# Harmonizing Multi-Source Healthcare Data

Time estimate: **20** minutes

## Objectives
After completing this lab, you will be able to:
- Align healthcare datasets from multiple source systems.  
- Clean and standardize patient and encounter identifiers.  
- Map inconsistent terminologies across datasets.  
- Merge EHR, claims, and lab data into a unified view.  
- Resolve unit mismatches during data integration.


## What you will do in this lab
In this lab, you'll clean, standardize, and merge synthetic data from EHRs, insurance claims, and laboratory systems into a harmonized dataset.

You will:

- Load synthetic EHR, claims, and lab datasets.  
- Inspect and clean identifiers used across systems.  
- Standardize codes and terminology differences.  
- Resolve unit inconsistencies in lab measurements.  
- Merge datasets into a harmonized healthcare table.


## Overview
Healthcare data rarely comes from a single system. You will often need to combine information from
EHR systems, insurance claims platforms, and laboratory systems. Each source may use different
identifiers, coding standards, and measurement units. This lab focuses on the practical challenges
of harmonizing these datasets so they can be analyzed together reliably.

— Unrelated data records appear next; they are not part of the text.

lemma adjoint_exists:
  assumes X: "bounded_op X"
  shows "\<exists>Y. Y \<in> BH \<and> (\<forall>x y. \<langle>X x, y\<rangle> = \<langle>x, Y y\<rangle>)"
proof -
  obtain K where K: "K > 0" "\<And>x. norm (X x) \<le> K * norm x" using bounded_op_bound[OF X] by blast
  define c where "c y i = \<langle>X (ell2_basis i), y\<rangle>" for y i
  have "(\<Sum>i\<in>F. (cmod (c y i))\<^sup>2) \<le> (K * norm y)\<^sup>2" if "finite F" for F y
    unfolding c_def using X K(2,1) that by (rule adjoint_coordinates_bound)
  then have c_summable: "square_summable (c y)"
    and norm_c: "(\<Sum>\<^sub>\<infinity>i. (cmod (c y i))\<^sup>2) \<le> (K * norm y)\<^sup>2" for y
    by (blast intro: square_summable_finite_sums_bounded)+
  define Y where "Y y = Ell2 (c y)" for y
  have vec_Y: "ell2_vec (Y y) = c y" for y using c_summable by (simp add: Y_def)
  have "norm (Y y) \<le> K * norm y" for y
    by (rule power2_le_imp_le) (use norm_c K in \<open>simp_all add: power2_norm_ell2 vec_Y\<close>)
  then have "Y \<in> BH" unfolding BH_iff
    by (intro bounded_opI[where K = K] ell2_eqI)
      (simp_all add: vec_Y c_def ell2_inner_add_right ell2_inner_scale_right)
  moreover have "\<langle>X x, y\<rangle> = \<langle>x, Y y\<rangle>" for x y
  proof (rule tendsto_unique[OF finite_subsets_at_top_neq_bot])
    show "((\<lambda>F. \<langle>X (ell2_restrict F x), y\<rangle>) \<longlongrightarrow> \<langle>X x, y\<rangle>) (finite_subsets_at_top UNIV)"
      by (intro tendsto_ell2_inner_left bounded_op_tendsto[OF X] ell2_restrict_tendsto)
    have "((\<lambda>i. cnj (ell2_vec x i) * c y i) has_sum \<langle>x, Y y\<rangle>) UNIV"
      unfolding ell2_inner_def vec_Y
      using square_summable_inner_summable[OF square_summable_ell2_vec c_summable] by simp
    moreover have partial_sums: "\<langle>X (ell2_restrict F x), y\<rangle> = (\<Sum>i\<in>F. cnj (ell2_vec x i) * c y i)"
      if "finite F" for F
      unfolding ell2_restrict_eq_sum_basis[OF that] bounded_op_sum[OF X] ell2_inner_sum_left
      by (simp add: bounded_op_scale[OF X] ell2_inner_scale_left c_def)
    ultimately show "((\<lambda>F. \<langle>X (ell2_restrict F x), y\<rangle>) \<longlongrightarrow> \<langle>x, Y y\<rangle>) (finite_subsets_at_top UNIV)"
      unfolding has_sum_def
      by (elim Lim_transform_eventually) (auto simp: partial_sums intro!: eventually_finite_subsets_at_top_weakI)
  qed
  ultimately show ?thesis by blast
qed

lemma adj_is_adjoint: "bounded_op X \<Longrightarrow> adj X \<in> BH \<and> (\<forall>x y. \<langle>X x, y\<rangle> = \<langle>x, adj X y\<rangle>)"
  unfolding adj_def by (rule someI_ex[OF adjoint_exists])
lemma up_pow_block_col:
  assumes x: "1 \<le> x" "x \<le> 2*n-1" and X: "X \<in> carrier_mat (v x) 1"
  shows "up ^\<^sub>m p * block_col x X = (if x + p \<le> 2*n-1
    then block_col (x+p) ((-1)^(flips x p) \<cdot>\<^sub>m (mono_path B v (x+p) x * X)) else 0\<^sub>m total_dim total_dim)"
proof (induction p)
  case 0
  then show ?case using x X by (simp add: mono_path.simps[of B v x x] flips_def)
next
  case (Suc p)
  have "up ^\<^sub>m Suc p * block_col x X = up * (up ^\<^sub>m p * block_col x X)"
    by (simp add: pow_mat_Suc_left[OF up_carrier] assoc_mult_mat[of _ total_dim total_dim _ total_dim _ total_dim]
        del: pow_mat.simps)
  moreover have "sign (x + p) * (-1)^(flips x p) = (-1)^(flips x (Suc p))"
    by (cases "n \<le> x + p") (auto simp: sign_def flips_def max_def Suc_diff_le)
  ultimately show ?case
    using Suc x X up_mult_path_block_col[of x "x+p" X "(-1)^(flips x p)"] by (cases "x + p \<le> 2*n-1") auto
qed

lemma total_dim_ge: "2*n \<le> total_dim"
  using block_size_pos by (simp add: total_dim_def)

lemma total_dim_pos: "0 < total_dim"
  using total_dim_ge k_less by simp

lemma block_col_entry_0: "block_col 0 Z $$ (0,0) = Z $$ (0,0)"
  using total_dim_pos block_size_pos by (simp add: block_col_def block_mat_index)

lemma block_col_nonzero_col:
  assumes "r < total_dim" "s < total_dim" "s \<noteq> 0"
  shows "block_col x X $$ (r,s) = 0"
proof -
  have "s div block_size \<noteq> 0 \<or> \<not> s mod block_size < dims (s div block_size)"
    using assms(3) by (metis div_mult_mod_eq dims_0 less_one mult_zero_left add_0)
  then show ?thesis using assms by (auto simp: block_col_def block_mat_index)
qed

definition pairing :: "nat \<Rightarrow> nat \<Rightarrow> complex mat \<Rightarrow> complex" where
  "pairing a b Z = (delta a * Z * gamma b) $$ (0,0)"

definition path_value :: "nat \<Rightarrow> nat \<Rightarrow> nat \<Rightarrow> complex" where
  "path_value a q b = (\<Delta> a * path3 B v a q b * \<Gamma> b) $$ (0,0)"

lemma pairing_add:
  "Z \<in> carrier_mat total_dim total_dim \<Longrightarrow> Z' \<in> carrier_mat total_dim total_dim
    \<Longrightarrow> pairing a b (Z + Z') = pairing a b Z + pairing a b Z'"
  using total_dim_pos
  by (simp add: pairing_def mult_add_distrib_mat[of _ total_dim total_dim _ total_dim]
      add_mult_distrib_mat[of _ total_dim total_dim _ _ total_dim] mult_carrier_mat[of _ total_dim total_dim])

lemma pairing_diff:
  "Z \<in> carrier_mat total_dim total_dim \<Longrightarrow> Z' \<in> carrier_mat total_dim total_dim
    \<Longrightarrow> pairing a b (Z - Z') = pairing a b Z - pairing a b Z'"
  using total_dim_pos
  by (simp add: pairing_def mult_minus_distrib_mat[of _ total_dim total_dim _ total_dim]
      minus_mult_distrib_mat[of _ total_dim total_dim _ _ total_dim] mult_carrier_mat[of _ total_dim total_dim])

lemma pairing_smult: "Z \<in> carrier_mat total_dim total_dim \<Longrightarrow> pairing a b (c \<cdot>\<^sub>m Z) = c * pairing a b Z"
  using total_dim_pos
  by (simp add: pairing_def mult_smult_distrib[of _ total_dim total_dim _ total_dim]
      mult_smult_assoc_mat[of _ total_dim total_dim _ total_dim])

lemma pairing_mat_sum:
  "(\<And>i. f i \<in> carrier_mat total_dim total_dim) \<Longrightarrow> pairing a b (mat_sum total_dim f m) = (\<Sum>i<m. pairing a b (f i))"
proof (induction m)
  case (Suc m)
  then show ?case by (simp add: pairing_add)
qed (use total_dim_pos in \<open>simp add: pairing_def\<close>)
lemma dl_pi_commute:
  assumes "0 < i" "Suc i < j"
  shows "dl_pi i (dl_pi j g) = dl_pi j (dl_pi i g)"
proof -
  define Di Dj where "Di = var i - var (Suc i)" and "Dj = var j - var (Suc j)"
  have ij: "dl_pi i (dl_pi j g) * (Di * Dj) = dl_weight i * (dl_weight j * g - swap_var j (dl_weight j) * swap_var j g)
      - swap_var i (dl_weight i) * (dl_weight j * swap_var i g - swap_var j (dl_weight j) * swap_var i (swap_var j g))"
    by (rule demazure_composition_expansion) (use assms in \<open>simp_all add: Di_def Dj_def dl_pi_mult_var_diff dl_weight_def\<close>)
  have ji: "dl_pi j (dl_pi i g) * (Dj * Di) = dl_weight j * (dl_weight i * g - swap_var i (dl_weight i) * swap_var i g)
      - swap_var j (dl_weight j) * (dl_weight i * swap_var j g - swap_var i (dl_weight i) * swap_var j (swap_var i g))"
    by (rule demazure_composition_expansion) (use assms in \<open>simp_all add: Di_def Dj_def dl_pi_mult_var_diff dl_weight_def\<close>)
  have "dl_pi i (dl_pi j g) * (Di * Dj) = dl_pi j (dl_pi i g) * (Dj * Di)"
    unfolding ij ji swap_var_commute[OF assms(2)] by algebra
  moreover have "Di * Dj \<noteq> 0"
    using assms by (simp add: Di_def Dj_def var_eq_iff)
  ultimately show ?thesis
    by (metis mult.commute mult_right_cancel)
qed
(* Let $\lambda>0$ and let $\mathbf r_\lambda=(\mathbf r_{1\lambda},\dots,\mathbf r_{N\lambda})\in\mathfrak R$ be any point at which $f+\lambda g$ attains its minimum over $\mathfrak R$. Write $\mathbf r_{i\lambda}=(x_{i\lambda},y_{i\lambda})=|\mathbf r_{i\lambda}|(\cos\varphi_{i\lambda},\sin\varphi_{i\lambda})$, put $\omega=\sqrt{2\lambda}$, and define for $t\ge 0$ $$\mathbf r_{i\lambda}(t)=|\mathbf r_{i\lambda}|\big(\cos(\varphi_{i\lambda}+\omega t),\ \sin(\varphi_{i\lambda}+\omega t)\big),\qquad i=1,\dots,N .$$ Then $\mathbf r_\lambda(t)=(\mathbf r_{1\lambda}(t),\dots,\mathbf r_{N\lambda}(t))$, $t\ge0$, is a solution of the equations of motion $m_i\ddot{\mathbf r}_i=\mathbf F_i(\mathbf r)$, $i=1,\dots,N$, with initial conditions $\mathbf r_i(0)=\mathbf r_{i\lambda}$, $\dot{\mathbf r}_i(0)=(-\omega y_{i\lambda},\ \omega x_{i\lambda})$, $i=1,\dots,N$.
   Context: Fix $N\ge 2$, masses $m_1,\dots,m_N>0$ and a constant $\gamma>0$. The planar configuration space is $\mathfrak R=\{\mathbf r=(\mathbf r_1,\dots,\mathbf r_N)\in(\mathbb R^2)^N:\ \mathbf r_i\neq\mathbf r_j \text{ for } i\neq j\}$. Define $f(\mathbf r)=\sum_{i<j}\frac{\gamma m_im_j}{|\mathbf r_j-\mathbf r_i|}$ and $g(\mathbf r)=\sum_i m_i|\mathbf r_i|^2$ on $\mathfrak R$. The force on particle $i$ is $\mathbf F_i(\mathbf r)=\sum_{j\ne i}\frac{\gamma m_im_j(\mathbf r_j-\mathbf r_i)}{|\mathbf r_j-\mathbf r_i|^3}$. For every $\lambda>0$ the function $f+\lambda g$ attains its minimum on $\mathfrak R$. *)

theory Defs
  imports "HOL-Analysis.Analysis"
begin

definition config_space :: "nat \<Rightarrow> (nat \<Rightarrow> real \<times> real) set" where
  "config_space N = {r. \<forall>i<N. \<forall>j<N. i \<noteq> j \<longrightarrow> r i \<noteq> r j}"

definition potf :: "nat \<Rightarrow> real \<Rightarrow> (nat \<Rightarrow> real) \<Rightarrow> (nat \<Rightarrow> real \<times> real) \<Rightarrow> real" where
  "potf N \<gamma> m r = (\<Sum>j<N. \<Sum>i<j. \<gamma> * m i * m j / norm (r j - r i))"

definition momg :: "nat \<Rightarrow> (nat \<Rightarrow> real) \<Rightarrow> (nat \<Rightarrow> real \<times> real) \<Rightarrow> real" where
  "momg N m r = (\<Sum>i<N. m i * (norm (r i))\<^sup>2)"

definition force :: "nat \<Rightarrow> real \<Rightarrow> (nat \<Rightarrow> real) \<Rightarrow> (nat \<Rightarrow> real \<times> real) \<Rightarrow> nat \<Rightarrow> real \<times> real" where
  "force N \<gamma> m r i =
     (\<Sum>j\<in>{..<N} - {i}. (\<gamma> * m i * m j / (norm (r j - r i)) ^ 3) *\<^sub>R (r j - r i))"

end

theory Submission
  imports Defs
begin

(* A minimiser of f + lam g is a critical point.  Moving particle i alone, the gradient
   of f is the force F_i and that of lam g is 2 lam m_i r_i, so F_i = -2 lam m_i r_i at the
   minimiser.  A rotation of the plane is a linear isometry, so the forces of the rotated
   configuration are the rotated forces, whereas uniform rotation with angular velocity
   omega = sqrt (2 lam) has acceleration -omega^2 r_i = -2 lam r_i. *)

lemma sum_pairs_split:
  fixes T :: "nat \<Rightarrow> nat \<Rightarrow> 'a::comm_monoid_add"
  assumes sym: "\<And>j k. T j k = T k j" and i: "i < N"
  shows "(\<Sum>k<N. \<Sum>j<k. T j k) =
    (\<Sum>k<N. \<Sum>j<k. if j = i \<or> k = i then 0 else T j k) + (\<Sum>j\<in>{..<N} - {i}. T i j)"
proof -
  have split: "T j k = (if j = i \<or> k = i then 0 else T j k)
      + ((if k = i then T i j else 0) + (if j = i then T i k else 0))" if "j < k" for j k
    using that sym by auto
  have "(\<Sum>k<N. \<Sum>j<k. if k = i then T i j else 0) =
      (\<Sum>k<N. if k = i then \<Sum>j<i. T i j else 0)"
    by (intro sum.cong) auto
  also have "\<dots> = (\<Sum>j<i. T i j)" using i by simp
  finally have lower: "(\<Sum>k<N. \<Sum>j<k. if k = i then T i j else 0) = (\<Sum>j<i. T i j)" .
  have "(\<Sum>k<N. \<Sum>j<k. if j = i then T i k else 0) = (\<Sum>k<N. if i < k then T i k else 0)"
    by (simp add: sum.delta)
  also have "\<dots> = (\<Sum>k\<in>{i<..<N}. T i k)"
    by (simp add: sum.If_cases) (intro sum.cong, auto)
  finally have upper:
    "(\<Sum>k<N. \<Sum>j<k. if j = i then T i k else 0) = (\<Sum>k\<in>{i<..<N}. T i k)" .
  have "{..<N} - {i} = {..<i} \<union> {i<..<N}" using i by auto
  then have "(\<Sum>j\<in>{..<N} - {i}. T i j) = (\<Sum>j\<in>{..<i} \<union> {i<..<N}. T i j)"
    by simp
  also have "\<dots> = (\<Sum>j<i. T i j) + (\<Sum>k\<in>{i<..<N}. T i k)"
    by (rule sum.union_disjoint) auto
  finally have both:
    "(\<Sum>j\<in>{..<N} - {i}. T i j) = (\<Sum>j<i. T i j) + (\<Sum>k\<in>{i<..<N}. T i k)" .
  have "(\<Sum>k<N. \<Sum>j<k. T j k) = (\<Sum>k<N. \<Sum>j<k. (if j = i \<or> k = i then 0 else T j k)
      + ((if k = i then T i j else 0) + (if j = i then T i k else 0)))"
    by (intro sum.cong refl split) simp
  also have "\<dots> = (\<Sum>k<N. \<Sum>j<k. if j = i \<or> k = i then 0 else T j k)
      + ((\<Sum>k<N. \<Sum>j<k. if k = i then T i j else 0) + (\<Sum>k<N. \<Sum>j<k. if j = i then T i k else 0))"
    by (simp only: sum.distrib)
  finally show ?thesis using lower upper both by simp
qed

lemma potf_fun_upd:
  assumes "i < N"
  obtains C where
    "\<And>p. potf N \<gamma> m (r(i := p)) = C + (\<Sum>j\<in>{..<N} - {i}. \<gamma> * m i * m j / norm (r j - p))"
proof
  fix p
  let ?T = "\<lambda>j k. \<gamma> * m j * m k / norm ((r(i := p)) k - (r(i := p)) j)"
  have "potf N \<gamma> m (r(i := p)) =
      (\<Sum>k<N. \<Sum>j<k. if j = i \<or> k = i then 0 else ?T j k) + (\<Sum>j\<in>{..<N} - {i}. ?T i j)"
    unfolding potf_def
    by (rule sum_pairs_split[OF _ assms]) (simp add: norm_minus_commute mult_ac)
  also have "(\<Sum>k<N. \<Sum>j<k. if j = i \<or> k = i then 0 else ?T j k) =
      (\<Sum>k<N. \<Sum>j<k. if j = i \<or> k = i then 0 else \<gamma> * m j * m k / norm (r k - r j))"
    by (intro sum.cong) auto
  also have "(\<Sum>j\<in>{..<N} - {i}. ?T i j) = (\<Sum>j\<in>{..<N} - {i}. \<gamma> * m i * m j / norm (r j - p))"
    by (intro sum.cong) auto
  finally show "potf N \<gamma> m (r(i := p)) =
      (\<Sum>k<N. \<Sum>j<k. if j = i \<or> k = i then 0 else \<gamma> * m j * m k / norm (r k - r j))
      + (\<Sum>j\<in>{..<N} - {i}. \<gamma> * m i * m j / norm (r j - p))" .
qed

lemma momg_fun_upd:
  assumes "i < N"
  shows "momg N m (r(i := p)) = (\<Sum>j\<in>{..<N} - {i}. m j * (norm (r j))\<^sup>2) + m i * (norm p)\<^sup>2"
  unfolding momg_def using assms by (subst sum.remove[of _ i]) (auto intro!: sum.cong)

lemma fun_upd_in_config_space_iff:
  assumes "r \<in> config_space N" and "i < N"
  shows "r(i := p) \<in> config_space N \<longleftrightarrow> p \<notin> r ` ({..<N} - {i})"
  using assms unfolding config_space_def by (auto simp: fun_upd_def)

lemma has_derivative_inverse_norm_diff:
  fixes a p :: "'a::real_inner"
  assumes "a \<noteq> p"
  shows "((\<lambda>q. 1 / norm (a - q)) has_derivative (\<lambda>v. ((a - p) \<bullet> v) / norm (a - p) ^ 3)) (at p)"
proof -
  have ap: "a - p \<noteq> 0" using assms by simp
  have dnorm: "((\<lambda>q. norm (a - q)) has_derivative (\<lambda>v. (- v) \<bullet> sgn (a - p))) (at p)"
    using has_derivative_compose[OF has_derivative_diff[OF has_derivative_const has_derivative_ident]
        has_derivative_norm[OF ap]]
    by simp
  have "((\<lambda>q. inverse (norm (a - q))) has_derivative
      (\<lambda>v. - (inverse (norm (a - p)) * ((- v) \<bullet> sgn (a - p)) * inverse (norm (a - p))))) (at p)"
    using ap by (intro Deriv.has_derivative_inverse dnorm) simp
  moreover have "(- v) \<bullet> sgn (a - p) = - ((a - p) \<bullet> v) / norm (a - p)" for v
    unfolding sgn_div_norm inner_minus_left inner_scaleR_right
    by (simp add: inner_commute divide_inverse)
  ultimately show ?thesis
    by (simp add: divide_inverse power3_eq_cube mult_ac)
qed

lemma has_derivative_potf_fun_upd:
  assumes r: "r \<in> config_space N" and i: "i < N"
  shows "((\<lambda>p. potf N \<gamma> m (r(i := p))) has_derivative (\<lambda>v. force N \<gamma> m r i \<bullet> v)) (at (r i))"
proof -
  obtain C where C: "\<And>p. potf N \<gamma> m (r(i := p)) =
      C + (\<Sum>j\<in>{..<N} - {i}. \<gamma> * m i * m j / norm (r j - p))"
    using potf_fun_upd[OF i] by blast
  have "r j \<noteq> r i" if "j \<in> {..<N} - {i}" for j
    using r i that unfolding config_space_def by auto
  then have "((\<lambda>p. C + (\<Sum>j\<in>{..<N} - {i}. \<gamma> * m i * m j * (1 / norm (r j - p)))) has_derivative
      (\<lambda>v. 0 + (\<Sum>j\<in>{..<N} - {i}. \<gamma> * m i * m j * ((r j - r i) \<bullet> v / norm (r j - r i) ^ 3)))) (at (r i))"
    by (intro has_derivative_add has_derivative_const has_derivative_sum has_derivative_mult_right
        has_derivative_inverse_norm_diff)
  then show ?thesis
    unfolding C force_def inner_sum_left inner_scaleR_left by (simp add: mult_ac)
qed

lemma has_derivative_momg_fun_upd:
  assumes "i < N"
  shows "((\<lambda>p. momg N m (r(i := p))) has_derivative (\<lambda>v. 2 * m i * (p \<bullet> v))) (at p)"
  unfolding momg_fun_upd[OF assms] power2_norm_eq_inner
  by (auto intro!: derivative_eq_intros simp: inner_commute)

lemma force_at_energy_minimiser:
  assumes i: "i < N" and rl: "rl \<in> config_space N"
    and rl_min: "\<forall>s\<in>config_space N.
        potf N \<gamma> m rl + lam * momg N m rl \<le> potf N \<gamma> m s + lam * momg N m s"
  shows "force N \<gamma> m rl i = (- 2 * lam * m i) *\<^sub>R rl i"
proof -
  define E where "E p = potf N \<gamma> m (rl(i := p)) + lam * momg N m (rl(i := p))" for p
  define S where "S = - rl ` ({..<N} - {i})"
  define w where "w = force N \<gamma> m rl i + (2 * lam * m i) *\<^sub>R rl i"
  have "(E has_derivative (\<lambda>v. force N \<gamma> m rl i \<bullet> v + lam * (2 * m i * (rl i \<bullet> v)))) (at (rl i))"
    unfolding E_def
    by (intro has_derivative_add has_derivative_mult_right has_derivative_potf_fun_upd
        has_derivative_momg_fun_upd rl i)
  moreover have "rl i \<in> S" "open S"
    using rl i unfolding S_def config_space_def by (auto intro: finite_imp_closed)
  moreover have "\<forall>p\<in>S. E (rl i) \<le> E p"
    using rl_min fun_upd_in_config_space_iff[OF rl i] unfolding E_def S_def by simp
  ultimately have "(\<lambda>v. force N \<gamma> m rl i \<bullet> v + lam * (2 * m i * (rl i \<bullet> v))) = (\<lambda>v. 0)"
    using differential_zero_maxmin by blast
  from fun_cong[OF this, of w] have "w \<bullet> w = 0"
    unfolding w_def by (simp add: inner_add_left mult_ac)
  then have "w = 0" by simp
  moreover have "force N \<gamma> m rl i = w - (2 * lam * m i) *\<^sub>R rl i"
    unfolding w_def by simp
  ultimately show ?thesis by simp
qed

definition rot :: "real \<Rightarrow> real \<times> real \<Rightarrow> real \<times> real" where
  "rot \<theta> v = (cos \<theta> * fst v - sin \<theta> * snd v, sin \<theta> * fst v + cos \<theta> * snd v)"

lemma linear_rot: "linear (rot \<theta>)"
  by (rule linearI) (auto simp: rot_def algebra_simps)

lemma norm_rot: "norm (rot \<theta> v) = norm v"
proof -
  obtain x y where v: "v = (x, y)" by (cases v)
  have "(cos \<theta> * x - sin \<theta> * y)\<^sup>2 + (sin \<theta> * x + cos \<theta> * y)\<^sup>2 =
      ((sin \<theta>)\<^sup>2 + (cos \<theta>)\<^sup>2) * (x\<^sup>2 + y\<^sup>2)"
    unfolding power2_eq_square by algebra
  then show ?thesis by (simp add: v rot_def norm_Pair)
qed

lemma rot_polar: "rot \<theta> (\<rho> * cos \<phi>, \<rho> * sin \<phi>) = (\<rho> * cos (\<phi> + \<theta>), \<rho> * sin (\<phi> + \<theta>))"
  by (simp add: rot_def cos_add sin_add algebra_simps)

lemma rot_add_pi: "rot (\<theta> + pi) v = - rot \<theta> v"
  by (simp add: rot_def)

lemma has_vector_derivative_rot:
  "((\<lambda>s. rot (\<omega> * s + \<theta>) v) has_vector_derivative \<omega> *\<^sub>R rot (\<omega> * t + \<theta> + pi / 2) v)
    (at t within S)"
  unfolding rot_def scaleR_Pair
  by (rule has_vector_derivative_Pair;
      rule has_real_derivative_iff_has_vector_derivative[THEN iffD1];
      auto intro!: derivative_eq_intros simp: cos_add sin_add algebra_simps)

lemma config_space_linear_isometry:
  assumes "linear L" and "\<And>v. norm (L v) = norm v"
    and "\<forall>j<N. r' j = L (r j)" and "r \<in> config_space N"
  shows "r' \<in> config_space N"
proof -
  have "r' j \<noteq> r' k" if "j < N" "k < N" "j \<noteq> k" for j k
  proof -
    have "norm (r' j - r' k) = norm (r j - r k)"
      using assms that by (simp add: linear_diff[symmetric])
    then show ?thesis using assms(4) that unfolding config_space_def by auto
  qed
  then show ?thesis unfolding config_space_def by blast
qed

lemma force_linear_isometry:
  assumes "linear L" and "\<And>v. norm (L v) = norm v"
    and "\<forall>j<N. r' j = L (r j)" and "i < N"
  shows "force N \<gamma> m r' i = L (force N \<gamma> m r i)"
  unfolding force_def linear_sum[OF assms(1)] linear_scale[OF assms(1)]
  using assms by (intro sum.cong) (simp_all add: linear_diff[symmetric])

theorem theorem3p1:
  fixes N :: nat and m :: "nat \<Rightarrow> real" and \<gamma> lam :: real
    and rl :: "nat \<Rightarrow> real \<times> real" and \<phi> :: "nat \<Rightarrow> real"
  assumes N: "N \<ge> 2"
    and m_pos: "\<forall>i<N. m i > 0"
    and gamma_pos: "\<gamma> > 0"
    and lam_pos: "lam > 0"
    and rl_in: "rl \<in> config_space N"
    and rl_min: "\<forall>s\<in>config_space N.
        potf N \<gamma> m rl + lam * momg N m rl \<le> potf N \<gamma> m s + lam * momg N m s"
    and polar: "\<forall>i<N. rl i = (norm (rl i) * cos (\<phi> i), norm (rl i) * sin (\<phi> i))"
  defines "\<omega> \<equiv> sqrt (2 * lam)"
  defines "R \<equiv> (\<lambda>t i. (norm (rl i) * cos (\<phi> i + \<omega> * t), norm (rl i) * sin (\<phi> i + \<omega> * t)))"
  shows "(\<forall>t\<ge>0. R t \<in> config_space N) \<and>
         (\<exists>V A :: real \<Rightarrow> nat \<Rightarrow> real \<times> real.
            (\<forall>i<N. \<forall>t\<ge>0.
               ((\<lambda>s. R s i) has_vector_derivative V t i) (at t within {0..}) \<and>
               ((\<lambda>s. V s i) has_vector_derivative A t i) (at t within {0..}) \<and>
               m i *\<^sub>R A t i = force N \<gamma> m (R t) i) \<and>
            (\<forall>i<N. R 0 i = rl i \<and> V 0 i = (- \<omega> * snd (rl i), \<omega> * fst (rl i))))"
proof -
  have \<omega>_sq: "\<omega> * \<omega> = 2 * lam"
    unfolding \<omega>_def using lam_pos by simp
  have R_rot: "\<forall>j<N. R t j = rot (\<omega> * t) (rl j)" for t
    using polar unfolding R_def by (metis rot_polar)
  define V where "V t i = \<omega> *\<^sub>R rot (\<omega> * t + pi / 2) (rl i)" for t i
  define A where "A t i = \<omega> *\<^sub>R \<omega> *\<^sub>R rot (\<omega> * t + pi) (rl i)" for t i
  have "R t \<in> config_space N" for t
    using config_space_linear_isometry[OF linear_rot norm_rot R_rot rl_in] .
  moreover have "((\<lambda>s. R s i) has_vector_derivative V t i) (at t within {0..})" if "i < N" for i t
  proof -
    have "(\<lambda>s. R s i) = (\<lambda>s. rot (\<omega> * s + 0) (rl i))"
      using R_rot that by simp
    then show ?thesis
      unfolding V_def using has_vector_derivative_rot[of \<omega> 0 "rl i"] by simp
  qed
  moreover have "((\<lambda>s. V s i) has_vector_derivative A t i) (at t within {0..})" for i t
    unfolding V_def A_def
    using bounded_linear.has_vector_derivative[OF bounded_linear_scaleR_right
        has_vector_derivative_rot[of \<omega> "pi / 2" "rl i" t]]
    by (simp add: add.assoc)
  moreover have "m i *\<^sub>R A t i = force N \<gamma> m (R t) i" if "i < N" for i t
  proof -
    have "force N \<gamma> m (R t) i = rot (\<omega> * t) ((- 2 * lam * m i) *\<^sub>R rl i)"
      using force_linear_isometry[OF linear_rot norm_rot R_rot that]
        force_at_energy_minimiser[OF that rl_in rl_min] by simp
    then show ?thesis
      unfolding A_def rot_add_pi linear_scale[OF linear_rot] using \<omega>_sq by simp
  qed
  moreover have "R 0 i = rl i \<and> V 0 i = (- \<omega> * snd (rl i), \<omega> * fst (rl i))" if "i < N" for i
    using R_rot that by (simp add: V_def rot_def)
  ultimately show ?thesis by blast
qed

end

## About the dataset/environment
You will work with **three synthetic datasets** representing common healthcare data sources:
- EHR data with patient demographics and encounters  
- Claims data with billing and diagnosis codes  
- Lab data with test results and measurement units  

The datasets intentionally include mismatched identifiers, inconsistent codes, and unit differences.


## Setup

In [None]:
# This cell loads multi-source healthcare datasets from CSV files.
# It ensures the lab is file-driven, reproducible, and realistic.

import pandas as pd

# -----------------
# Load EHR dataset
# -----------------
ehr_df = pd.read_csv("https://fundamentals-of-healthcare-data-science-858397.gitlab.io/labs/lab3/ehr_data.csv")

# --------------------
# Load Claims dataset
# --------------------
claims_df = pd.read_csv("https://fundamentals-of-healthcare-data-science-858397.gitlab.io/labs/lab3/claims_data.csv")

# -----------------
# Load Labs dataset
# -----------------
labs_df = pd.read_csv("https://fundamentals-of-healthcare-data-science-858397.gitlab.io/labs/lab3/labs_data.csv")




In [None]:
# Display ehr dataset
ehr_df.head()

In [None]:
# Display claims dataset
claims_df.head()

In [None]:
# Display lab dataset
labs_df.head()

## Step 1: Inspect identifier differences across sources
In this step, you will compare how patients are identified across EHR, claims, and lab systems.
This helps understand why records do not automatically align.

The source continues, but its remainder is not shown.